Material provided:
lemma fmon_K1: "veq (fmon q a b (y + 2) * K1) (sc \<kappa> * fmon q a b y)"
proof -
  have K2_K1: "ueq q (K2 ^ 2 * K1) (K1 * K2 ^ 2)"
    using qcomm_power_left[OF qcomm_K2_K1, of q 2] by (simp add: qcomm_def)
  have "fmon q a b (y + 2) * K1 = fmon q a b y * (K2 ^ 2 * K1)"
    by (simp only: fmon_K2_square[symmetric] mult.assoc)
  also have "ueq q \<dots> (fmon q a b y * Kel)"
    unfolding Kel_def by (intro ueq_mult_left K2_K1)
  also have "veq \<dots> (sc \<kappa> * fmon q a b y)"
    by (rule veq_mult_Kel)
  finally show ?thesis .
qed

lemma fmon_F1:
  "veq (fmon q a b y * F1)
     (sc (c / \<alpha>) * fmon q a b y - sc (q / (\<alpha> * qdiff2)) * (fmon q a b y * K1)
        - sc (inverse q * inverse \<kappa> / (\<alpha> * qdiff2)) * fmon q a b (y + 2))"
proof -
  have "veq (fmon q a b y * F1)
     (sc (c / \<alpha>) * fmon q a b y - sc (q / (\<alpha> * qdiff2)) * (fmon q a b y * K1)
        - sc (inverse q / (\<alpha> * qdiff2)) * (fmon q a b y * K1i))"
    by (rule veq_mult_F1)
  also have "veq \<dots> (sc (c / \<alpha>) * fmon q a b y - sc (q / (\<alpha> * qdiff2)) * (fmon q a b y * K1)
        - sc (inverse q / (\<alpha> * qdiff2)) * (sc (inverse \<kappa>) * (fmon q a b y * K2 ^ 2)))"
    by (intro eqV_diff eqV_refl eqV_mult_left veq_mult_K1i)
  also have "\<dots> = sc (c / \<alpha>) * fmon q a b y - sc (q / (\<alpha> * qdiff2)) * (fmon q a b y * K1)
        - sc (inverse q * inverse \<kappa> / (\<alpha> * qdiff2)) * fmon q a b (y + 2)"
    by (simp add: fmon_K2_square sc_mult_assoc)
  finally show ?thesis .
qed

Work item: Exact output of every entry is required.

Exercise output:
lemma fmon_K1: "veq (fmon q a b (y + 2) * K1) (sc \<kappa> * fmon q a b y)"
proof -
  have K2_K1: "ueq q (K2 ^ 2 * K1) (K1 * K2 ^ 2)"
    using qcomm_power_left[OF qcomm_K2_K1, of q 2] by (simp add: qcomm_def)
  have "fmon q a b (y + 2) * K1 = fmon q a b y * (K2 ^ 2 * K1)"
    by (simp only: fmon_K2_square[symmetric] mult.assoc)
  also have "ueq q \<dots> (fmon q a b y * Kel)"
    unfolding Kel_def by (intro ueq_mult_left K2_K1)
  also have "veq \<dots> (sc \<kappa> * fmon q a b y)"
    by (rule veq_mult_Kel)
  finally show ?thesis .
qed

lemma fmon_F1:
  "veq (fmon q a b y * F1)
     (sc (c / \<alpha>) * fmon q a b y - sc (q / (\<alpha> * qdiff2)) * (fmon q a b y * K1)
        - sc (inverse q * inverse \<kappa> / (\<alpha> * qdiff2)) * fmon q a b (y + 2))"
proof -
  have "veq (fmon q a b y * F1)
     (sc (c / \<alpha>) * fmon q a b y - sc (q / (\<alpha> * qdiff2)) * (fmon q a b y * K1)
        - sc (inverse q / (\<alpha> * qdiff2)) * (fmon q a b y * K1i))"
    by (rule veq_mult_F1)
  also have "veq \<dots> (sc (c / \<alpha>) * fmon q a b y - sc (q / (\<alpha> * qdiff2)) * (fmon q a b y * K1)
        - sc (inverse q / (\<alpha> * qdiff2)) * (sc (inverse \<kappa>) * (fmon q a b y * K2 ^ 2)))"
    by (intro eqV_diff eqV_refl eqV_mult_left veq_mult_K1i)
  also have "\<dots> = sc (c / \<alpha>) * fmon q a b y - sc (q / (\<alpha> * qdiff2)) * (fmon q a b y * K1)
        - sc (inverse q * inverse \<kappa> / (\<alpha> * qdiff2)) * fmon q a b (y + 2)"
    by (simp add: fmon_K2_square sc_mult_assoc)
  finally show ?thesis .
qed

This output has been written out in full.